WHAT YOU SHOULD DO —
Only the lines from the one containing "by (simp add: vec_of_list_nth)" through the last line of the entries are wanted. Transcribe them exactly.

(Dataset items)
Content starts

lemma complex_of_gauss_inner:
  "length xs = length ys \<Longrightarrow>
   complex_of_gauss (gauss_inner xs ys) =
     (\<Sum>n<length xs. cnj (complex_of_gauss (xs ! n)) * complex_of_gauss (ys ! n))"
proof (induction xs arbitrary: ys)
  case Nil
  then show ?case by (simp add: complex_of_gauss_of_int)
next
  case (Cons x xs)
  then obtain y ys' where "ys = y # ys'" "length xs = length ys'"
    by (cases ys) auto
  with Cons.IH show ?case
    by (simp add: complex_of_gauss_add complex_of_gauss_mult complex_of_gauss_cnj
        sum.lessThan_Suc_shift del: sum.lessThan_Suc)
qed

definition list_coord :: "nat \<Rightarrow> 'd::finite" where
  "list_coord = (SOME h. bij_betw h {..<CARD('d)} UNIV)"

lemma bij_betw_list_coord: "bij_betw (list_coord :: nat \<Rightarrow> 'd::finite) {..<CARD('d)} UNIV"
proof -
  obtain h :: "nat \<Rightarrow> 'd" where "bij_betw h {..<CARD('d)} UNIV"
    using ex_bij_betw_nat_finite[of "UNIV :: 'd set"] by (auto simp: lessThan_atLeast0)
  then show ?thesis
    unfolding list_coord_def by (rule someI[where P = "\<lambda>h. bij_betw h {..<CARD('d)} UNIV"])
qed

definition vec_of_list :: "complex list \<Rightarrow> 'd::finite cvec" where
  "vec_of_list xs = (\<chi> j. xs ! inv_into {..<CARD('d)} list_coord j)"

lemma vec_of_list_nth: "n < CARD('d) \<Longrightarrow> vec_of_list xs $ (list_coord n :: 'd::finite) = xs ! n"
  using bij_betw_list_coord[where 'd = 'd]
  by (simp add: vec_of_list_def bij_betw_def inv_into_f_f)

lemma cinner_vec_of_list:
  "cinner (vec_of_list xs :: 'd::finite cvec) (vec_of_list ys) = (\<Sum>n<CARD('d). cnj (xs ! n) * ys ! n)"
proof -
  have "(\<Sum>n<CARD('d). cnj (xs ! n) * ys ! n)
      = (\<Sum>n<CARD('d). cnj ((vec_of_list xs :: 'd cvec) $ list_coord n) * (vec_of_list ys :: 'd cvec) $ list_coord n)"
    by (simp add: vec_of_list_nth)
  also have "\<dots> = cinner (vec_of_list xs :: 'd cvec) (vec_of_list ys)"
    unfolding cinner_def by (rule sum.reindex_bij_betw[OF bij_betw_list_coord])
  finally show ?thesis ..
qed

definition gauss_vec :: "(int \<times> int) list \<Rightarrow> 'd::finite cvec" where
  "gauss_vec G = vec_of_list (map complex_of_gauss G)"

Content ends

SOLUTION FOR THIS EXERCISE —
    by (simp add: vec_of_list_nth)
  also have "\<dots> = cinner (vec_of_list xs :: 'd cvec) (vec_of_list ys)"
    unfolding cinner_def by (rule sum.reindex_bij_betw[OF bij_betw_list_coord])
  finally show ?thesis ..
qed

definition gauss_vec :: "(int \<times> int) list \<Rightarrow> 'd::finite cvec" where
  "gauss_vec G = vec_of_list (map complex_of_gauss G)"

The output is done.